== Segment start ==
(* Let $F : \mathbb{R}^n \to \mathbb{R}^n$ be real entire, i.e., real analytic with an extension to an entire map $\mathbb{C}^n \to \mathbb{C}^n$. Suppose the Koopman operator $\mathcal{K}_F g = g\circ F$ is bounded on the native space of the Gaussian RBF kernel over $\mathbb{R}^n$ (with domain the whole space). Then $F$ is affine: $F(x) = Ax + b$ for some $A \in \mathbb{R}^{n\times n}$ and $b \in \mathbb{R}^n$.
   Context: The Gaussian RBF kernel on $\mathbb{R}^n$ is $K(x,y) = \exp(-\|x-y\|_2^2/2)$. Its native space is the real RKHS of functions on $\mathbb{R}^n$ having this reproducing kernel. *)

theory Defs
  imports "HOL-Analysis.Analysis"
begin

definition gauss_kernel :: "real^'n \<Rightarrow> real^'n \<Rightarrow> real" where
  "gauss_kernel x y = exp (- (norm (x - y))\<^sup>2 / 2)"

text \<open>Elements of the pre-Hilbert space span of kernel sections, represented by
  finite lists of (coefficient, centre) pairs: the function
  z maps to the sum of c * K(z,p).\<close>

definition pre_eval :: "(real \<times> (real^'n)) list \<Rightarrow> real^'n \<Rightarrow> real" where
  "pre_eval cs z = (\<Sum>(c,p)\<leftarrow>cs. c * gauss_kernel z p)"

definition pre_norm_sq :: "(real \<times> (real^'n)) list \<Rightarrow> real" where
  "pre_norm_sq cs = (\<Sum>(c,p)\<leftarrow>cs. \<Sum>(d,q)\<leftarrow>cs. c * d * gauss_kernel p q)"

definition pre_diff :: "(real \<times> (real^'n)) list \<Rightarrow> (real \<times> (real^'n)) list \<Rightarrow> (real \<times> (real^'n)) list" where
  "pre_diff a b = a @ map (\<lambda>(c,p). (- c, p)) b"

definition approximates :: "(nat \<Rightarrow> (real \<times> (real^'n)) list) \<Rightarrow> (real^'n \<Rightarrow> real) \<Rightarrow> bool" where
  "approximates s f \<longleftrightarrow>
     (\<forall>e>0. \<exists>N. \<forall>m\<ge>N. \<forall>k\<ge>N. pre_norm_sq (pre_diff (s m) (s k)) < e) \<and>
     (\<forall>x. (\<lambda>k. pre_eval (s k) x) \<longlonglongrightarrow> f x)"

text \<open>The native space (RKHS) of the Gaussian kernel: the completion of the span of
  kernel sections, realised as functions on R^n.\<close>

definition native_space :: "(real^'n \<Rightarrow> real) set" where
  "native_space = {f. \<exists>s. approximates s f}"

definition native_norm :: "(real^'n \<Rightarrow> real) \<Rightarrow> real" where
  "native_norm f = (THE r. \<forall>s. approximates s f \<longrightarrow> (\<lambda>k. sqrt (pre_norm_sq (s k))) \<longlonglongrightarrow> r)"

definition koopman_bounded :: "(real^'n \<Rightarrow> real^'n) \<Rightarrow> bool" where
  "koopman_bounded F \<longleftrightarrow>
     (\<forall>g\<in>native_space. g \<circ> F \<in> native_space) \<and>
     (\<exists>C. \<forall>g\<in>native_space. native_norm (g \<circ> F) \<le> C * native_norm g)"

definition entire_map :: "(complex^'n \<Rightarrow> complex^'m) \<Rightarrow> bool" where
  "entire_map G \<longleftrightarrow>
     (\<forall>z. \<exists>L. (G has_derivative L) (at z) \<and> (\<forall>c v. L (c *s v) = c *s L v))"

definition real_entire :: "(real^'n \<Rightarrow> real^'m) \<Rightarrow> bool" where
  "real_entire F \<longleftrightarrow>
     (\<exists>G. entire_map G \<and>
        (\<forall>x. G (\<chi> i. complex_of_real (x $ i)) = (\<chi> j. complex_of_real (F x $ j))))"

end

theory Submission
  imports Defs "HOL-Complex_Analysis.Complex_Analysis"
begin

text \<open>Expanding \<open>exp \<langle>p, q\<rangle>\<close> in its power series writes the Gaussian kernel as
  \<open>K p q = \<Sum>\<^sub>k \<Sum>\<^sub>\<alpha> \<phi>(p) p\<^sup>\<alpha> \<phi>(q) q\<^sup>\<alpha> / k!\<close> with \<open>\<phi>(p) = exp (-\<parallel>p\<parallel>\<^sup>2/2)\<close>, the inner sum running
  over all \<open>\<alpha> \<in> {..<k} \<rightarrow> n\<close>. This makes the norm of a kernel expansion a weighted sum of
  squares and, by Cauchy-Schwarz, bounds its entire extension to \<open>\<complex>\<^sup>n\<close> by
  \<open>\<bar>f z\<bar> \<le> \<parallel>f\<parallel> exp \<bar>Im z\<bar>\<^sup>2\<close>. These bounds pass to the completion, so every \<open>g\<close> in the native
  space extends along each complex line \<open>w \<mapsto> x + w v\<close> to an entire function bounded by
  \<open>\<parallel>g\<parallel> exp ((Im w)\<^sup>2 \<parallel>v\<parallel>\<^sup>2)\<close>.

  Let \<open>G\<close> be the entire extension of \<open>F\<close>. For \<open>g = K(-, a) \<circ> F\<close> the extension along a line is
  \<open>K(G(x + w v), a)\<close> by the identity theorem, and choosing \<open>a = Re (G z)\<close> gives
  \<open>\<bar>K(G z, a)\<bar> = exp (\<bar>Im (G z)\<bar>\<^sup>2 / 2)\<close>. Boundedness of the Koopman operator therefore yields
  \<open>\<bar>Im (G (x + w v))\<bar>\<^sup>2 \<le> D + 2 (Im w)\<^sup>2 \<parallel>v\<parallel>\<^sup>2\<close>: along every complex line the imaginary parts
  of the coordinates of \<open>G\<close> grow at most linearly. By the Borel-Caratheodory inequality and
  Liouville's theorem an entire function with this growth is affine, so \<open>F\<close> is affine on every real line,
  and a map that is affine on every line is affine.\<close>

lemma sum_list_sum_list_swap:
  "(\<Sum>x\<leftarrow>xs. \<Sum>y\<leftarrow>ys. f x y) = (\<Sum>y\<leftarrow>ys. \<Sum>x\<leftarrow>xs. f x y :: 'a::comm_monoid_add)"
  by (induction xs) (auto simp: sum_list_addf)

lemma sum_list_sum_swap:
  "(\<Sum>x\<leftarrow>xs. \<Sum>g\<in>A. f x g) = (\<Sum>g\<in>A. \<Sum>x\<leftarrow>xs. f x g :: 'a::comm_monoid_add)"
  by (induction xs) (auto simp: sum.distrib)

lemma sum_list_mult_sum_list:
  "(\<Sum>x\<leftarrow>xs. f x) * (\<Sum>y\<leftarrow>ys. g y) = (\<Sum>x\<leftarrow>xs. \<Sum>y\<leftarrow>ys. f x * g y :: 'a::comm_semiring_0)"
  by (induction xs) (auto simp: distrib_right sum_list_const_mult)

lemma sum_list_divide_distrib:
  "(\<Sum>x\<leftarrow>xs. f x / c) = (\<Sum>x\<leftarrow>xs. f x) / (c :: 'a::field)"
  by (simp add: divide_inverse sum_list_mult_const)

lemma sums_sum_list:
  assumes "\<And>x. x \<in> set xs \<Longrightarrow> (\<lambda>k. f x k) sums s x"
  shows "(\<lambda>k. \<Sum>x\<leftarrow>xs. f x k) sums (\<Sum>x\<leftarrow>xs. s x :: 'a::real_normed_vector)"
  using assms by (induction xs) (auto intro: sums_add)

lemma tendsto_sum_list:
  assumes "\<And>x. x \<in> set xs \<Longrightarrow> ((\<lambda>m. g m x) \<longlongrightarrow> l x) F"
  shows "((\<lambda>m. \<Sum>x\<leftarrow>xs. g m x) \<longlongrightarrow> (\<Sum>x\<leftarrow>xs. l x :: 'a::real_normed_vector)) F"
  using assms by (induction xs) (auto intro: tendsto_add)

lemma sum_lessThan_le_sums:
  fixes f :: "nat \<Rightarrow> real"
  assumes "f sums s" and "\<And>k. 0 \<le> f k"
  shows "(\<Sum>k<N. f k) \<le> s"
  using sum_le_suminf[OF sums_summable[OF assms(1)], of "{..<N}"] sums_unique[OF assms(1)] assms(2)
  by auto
== Segment end ==
Retype word for word everything in the listing above from the line that holds "text \<open>The native" down to the line that holds "inner sum running". Keep both end lines and leave out the rest.

• **ANSWER SECTION**:
text \<open>The native space (RKHS) of the Gaussian kernel: the completion of the span of
  kernel sections, realised as functions on R^n.\<close>

definition native_space :: "(real^'n \<Rightarrow> real) set" where
  "native_space = {f. \<exists>s. approximates s f}"

definition native_norm :: "(real^'n \<Rightarrow> real) \<Rightarrow> real" where
  "native_norm f = (THE r. \<forall>s. approximates s f \<longrightarrow> (\<lambda>k. sqrt (pre_norm_sq (s k))) \<longlonglongrightarrow> r)"

definition koopman_bounded :: "(real^'n \<Rightarrow> real^'n) \<Rightarrow> bool" where
  "koopman_bounded F \<longleftrightarrow>
     (\<forall>g\<in>native_space. g \<circ> F \<in> native_space) \<and>
     (\<exists>C. \<forall>g\<in>native_space. native_norm (g \<circ> F) \<le> C * native_norm g)"

definition entire_map :: "(complex^'n \<Rightarrow> complex^'m) \<Rightarrow> bool" where
  "entire_map G \<longleftrightarrow>
     (\<forall>z. \<exists>L. (G has_derivative L) (at z) \<and> (\<forall>c v. L (c *s v) = c *s L v))"

definition real_entire :: "(real^'n \<Rightarrow> real^'m) \<Rightarrow> bool" where
  "real_entire F \<longleftrightarrow>
     (\<exists>G. entire_map G \<and>
        (\<forall>x. G (\<chi> i. complex_of_real (x $ i)) = (\<chi> j. complex_of_real (F x $ j))))"

end

theory Submission
  imports Defs "HOL-Complex_Analysis.Complex_Analysis"
begin

text \<open>Expanding \<open>exp \<langle>p, q\<rangle>\<close> in its power series writes the Gaussian kernel as
  \<open>K p q = \<Sum>\<^sub>k \<Sum>\<^sub>\<alpha> \<phi>(p) p\<^sup>\<alpha> \<phi>(q) q\<^sup>\<alpha> / k!\<close> with \<open>\<phi>(p) = exp (-\<parallel>p\<parallel>\<^sup>2/2)\<close>, the inner sum running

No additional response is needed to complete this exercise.